[Start of Attachment]

lemma (in prob_space) lookahead_coordinate_limits:
  fixes c :: "nat \<Rightarrow> nat \<Rightarrow> 'a \<Rightarrow> real^'n"
  assumes indep: "indep_vars (\<lambda>_. borel) (\<lambda>(t, i). c t i) UNIV"
    and law: "\<And>t i. distr M borel (\<lambda>\<omega>. c t i \<omega> $ j) = gauss_measure (s $ j)" and "s $ j \<ge> 0"
    and stable: "\<bar>1 - \<gamma> * a $ j\<bar> < 1" and "k \<ge> 1" and "0 < \<alpha>" "\<alpha> \<le> 1"
  shows "(\<lambda>t. expectation (\<lambda>\<omega>. la_slow \<gamma> \<alpha> k a \<phi>0 (\<lambda>t i. c t i \<omega>) t $ j)) \<longlonglongrightarrow> 0"
    and "(\<lambda>t. variance (\<lambda>\<omega>. la_slow \<gamma> \<alpha> k a \<phi>0 (\<lambda>t i. c t i \<omega>) t $ j))
      \<longlonglongrightarrow> V_LA \<gamma> \<alpha> k a s $ j"
proof -
  define b where "b = 1 - \<gamma> * a $ j"
  define r where "r = 1 - \<alpha> + \<alpha> * b ^ k"
  note moments = lookahead_coordinate_moments[OF indep law \<open>s $ j \<ge> 0\<close>,
      where \<gamma> = \<gamma> and a = a and \<alpha> = \<alpha> and k = k, folded b_def r_def]
  have "\<bar>b ^ k\<bar> < 1"
    unfolding power_abs using stable \<open>k \<ge> 1\<close> by (simp add: b_def power_less_one_iff)
  then have "0 < 1 - b ^ k" "1 - b ^ k < 2"
    by (simp_all add: abs_less_iff)
  moreover have "\<alpha> * (1 - b ^ k) \<le> 1 - b ^ k"
    using calculation \<open>\<alpha> \<le> 1\<close> by (simp add: mult_left_le_one_le)
  ultimately have "\<bar>r\<bar> < 1"
    using \<open>0 < \<alpha>\<close> by (simp add: r_def abs_less_iff algebra_simps)
  have "(1 - \<gamma> * a $ j)\<^sup>2 < 1"
    using stable by (simp add: abs_square_less_1)
  then have limit_eq: "s $ j * (\<alpha> * \<gamma> * a $ j)\<^sup>2 * (1 / (1 - r\<^sup>2)) * (\<Sum>i<k. (b\<^sup>2) ^ i)
      = V_LA \<gamma> \<alpha> k a s $ j"
    using V_LA_eq[of \<gamma> a j \<alpha> k s] by (simp add: r_def b_def)
  have "norm (r\<^sup>2) < 1"
    using \<open>\<bar>r\<bar> < 1\<close> by (simp add: abs_square_less_1)
  then have "(\<lambda>t. s $ j * (\<alpha> * \<gamma> * a $ j)\<^sup>2 * (\<Sum>i<t. (r\<^sup>2) ^ i) * (\<Sum>i<k. (b\<^sup>2) ^ i))
      \<longlonglongrightarrow> s $ j * (\<alpha> * \<gamma> * a $ j)\<^sup>2 * (1 / (1 - r\<^sup>2)) * (\<Sum>i<k. (b\<^sup>2) ^ i)"
    by (intro tendsto_mult_right tendsto_mult_left geometric_sums[unfolded sums_def])
  then show "(\<lambda>t. variance (\<lambda>\<omega>. la_slow \<gamma> \<alpha> k a \<phi>0 (\<lambda>t i. c t i \<omega>) t $ j))
      \<longlonglongrightarrow> V_LA \<gamma> \<alpha> k a s $ j"
    unfolding moments(2) limit_eq .
  show "(\<lambda>t. expectation (\<lambda>\<omega>. la_slow \<gamma> \<alpha> k a \<phi>0 (\<lambda>t i. c t i \<omega>) t $ j)) \<longlonglongrightarrow> 0"
    unfolding moments(1) using \<open>\<bar>r\<bar> < 1\<close>
    by (intro tendsto_mult_left_zero LIMSEQ_abs_realpow_zero2)
qed

theorem proposition2:
  fixes M :: "'w measure"
    and a s x0 \<phi>0 :: "real^'n"
    and \<gamma> \<alpha> :: real and k :: nat
    and cS :: "nat \<Rightarrow> 'w \<Rightarrow> real^'n"
    and cL :: "nat \<Rightarrow> nat \<Rightarrow> 'w \<Rightarrow> real^'n"
  assumes "prob_space M"
    and a_pos: "\<forall>j. a $ j > 0"
    and s_nonneg: "\<forall>j. s $ j \<ge> 0"
    and \<gamma>_pos: "0 < \<gamma>" and \<gamma>_bound: "\<gamma> < 1 / (MAX j\<in>UNIV. a $ j)"
    and k_pos: "k \<ge> 1"
    and \<alpha>_range: "0 < \<alpha>" "\<alpha> \<le> 1"
    \<comment> \<open>SGD noise: c_t i.i.d. N(0, diag s)\<close>
    and cS_indep: "prob_space.indep_vars M (\<lambda>_. borel) cS UNIV"
    and cS_coord_indep: "\<forall>t. prob_space.indep_vars M (\<lambda>_. borel) (\<lambda>j \<omega>. cS t \<omega> $ j) UNIV"
    and cS_law: "\<forall>t j. distr M borel (\<lambda>\<omega>. cS t \<omega> $ j) = gauss_measure (s $ j)"
    \<comment> \<open>Lookahead noise: c_{t,i} i.i.d. N(0, diag s)\<close>
    and cL_indep: "prob_space.indep_vars M (\<lambda>_. borel) (\<lambda>(t, i). cL t i) UNIV"
    and cL_coord_indep: "\<forall>t i. prob_space.indep_vars M (\<lambda>_. borel) (\<lambda>j \<omega>. cL t i \<omega> $ j) UNIV"
    and cL_law: "\<forall>t i j. distr M borel (\<lambda>\<omega>. cL t i \<omega> $ j) = gauss_measure (s $ j)"
  shows
    "(\<forall>j. (\<lambda>t. integral\<^sup>L M (\<lambda>\<omega>. sgd_iter \<gamma> a x0 (\<lambda>t. cS t \<omega>) t $ j)) \<longlonglongrightarrow> 0)
   \<and> (\<forall>j. (\<lambda>t. integral\<^sup>L M (\<lambda>\<omega>. (sgd_iter \<gamma> a x0 (\<lambda>t. cS t \<omega>) t $ j
              - integral\<^sup>L M (\<lambda>\<omega>'. sgd_iter \<gamma> a x0 (\<lambda>t. cS t \<omega>') t $ j))\<^sup>2))
          \<longlonglongrightarrow> V_SGD \<gamma> a s $ j)
   \<and> (\<forall>j. (\<lambda>t. integral\<^sup>L M (\<lambda>\<omega>. la_slow \<gamma> \<alpha> k a \<phi>0 (\<lambda>t i. cL t i \<omega>) t $ j)) \<longlonglongrightarrow> 0)
   \<and> (\<forall>j. (\<lambda>t. integral\<^sup>L M (\<lambda>\<omega>. (la_slow \<gamma> \<alpha> k a \<phi>0 (\<lambda>t i. cL t i \<omega>) t $ j
              - integral\<^sup>L M (\<lambda>\<omega>'. la_slow \<gamma> \<alpha> k a \<phi>0 (\<lambda>t i. cL t i \<omega>') t $ j))\<^sup>2))
          \<longlonglongrightarrow> V_LA \<gamma> \<alpha> k a s $ j)"
proof -
  interpret prob_space M by fact
  have stable: "\<bar>1 - \<gamma> * a $ j\<bar> < 1" for j
    using step_size_lt_one[OF a_pos \<gamma>_bound, of j] a_pos \<gamma>_pos by (simp add: abs_less_iff)
  \<comment> \<open>Each coordinate is handled on its own, so cS_coord_indep and cL_coord_indep are not needed.\<close>
  have "(\<lambda>t. expectation (\<lambda>\<omega>. sgd_iter \<gamma> a x0 (\<lambda>t. cS t \<omega>) t $ j)) \<longlonglongrightarrow> 0"
    "(\<lambda>t. variance (\<lambda>\<omega>. sgd_iter \<gamma> a x0 (\<lambda>t. cS t \<omega>) t $ j)) \<longlonglongrightarrow> V_SGD \<gamma> a s $ j" for j
    using sgd_coordinate_limits[OF cS_indep cS_law[rule_format] s_nonneg[rule_format] stable] .
  moreover have "(\<lambda>t. expectation (\<lambda>\<omega>. la_slow \<gamma> \<alpha> k a \<phi>0 (\<lambda>t i. cL t i \<omega>) t $ j)) \<longlonglongrightarrow> 0"
    "(\<lambda>t. variance (\<lambda>\<omega>. la_slow \<gamma> \<alpha> k a \<phi>0 (\<lambda>t i. cL t i \<omega>) t $ j))
      \<longlonglongrightarrow> V_LA \<gamma> \<alpha> k a s $ j" for j
    using lookahead_coordinate_limits[OF cL_indep cL_law[rule_format] s_nonneg[rule_format] stable
        k_pos \<alpha>_range] .
  ultimately show ?thesis
    by blast
qed

end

[End of Attachment]

* [ABOUT THIS TASK]:
Set down the lines of the listing above verbatim, first line through the line containing "b ^ k) \<le> 1", inclusive; add no other lines.

* [TASK SOLUTION]:
lemma (in prob_space) lookahead_coordinate_limits:
  fixes c :: "nat \<Rightarrow> nat \<Rightarrow> 'a \<Rightarrow> real^'n"
  assumes indep: "indep_vars (\<lambda>_. borel) (\<lambda>(t, i). c t i) UNIV"
    and law: "\<And>t i. distr M borel (\<lambda>\<omega>. c t i \<omega> $ j) = gauss_measure (s $ j)" and "s $ j \<ge> 0"
    and stable: "\<bar>1 - \<gamma> * a $ j\<bar> < 1" and "k \<ge> 1" and "0 < \<alpha>" "\<alpha> \<le> 1"
  shows "(\<lambda>t. expectation (\<lambda>\<omega>. la_slow \<gamma> \<alpha> k a \<phi>0 (\<lambda>t i. c t i \<omega>) t $ j)) \<longlonglongrightarrow> 0"
    and "(\<lambda>t. variance (\<lambda>\<omega>. la_slow \<gamma> \<alpha> k a \<phi>0 (\<lambda>t i. c t i \<omega>) t $ j))
      \<longlonglongrightarrow> V_LA \<gamma> \<alpha> k a s $ j"
proof -
  define b where "b = 1 - \<gamma> * a $ j"
  define r where "r = 1 - \<alpha> + \<alpha> * b ^ k"
  note moments = lookahead_coordinate_moments[OF indep law \<open>s $ j \<ge> 0\<close>,
      where \<gamma> = \<gamma> and a = a and \<alpha> = \<alpha> and k = k, folded b_def r_def]
  have "\<bar>b ^ k\<bar> < 1"
    unfolding power_abs using stable \<open>k \<ge> 1\<close> by (simp add: b_def power_less_one_iff)
  then have "0 < 1 - b ^ k" "1 - b ^ k < 2"
    by (simp_all add: abs_less_iff)
  moreover have "\<alpha> * (1 - b ^ k) \<le> 1 - b ^ k"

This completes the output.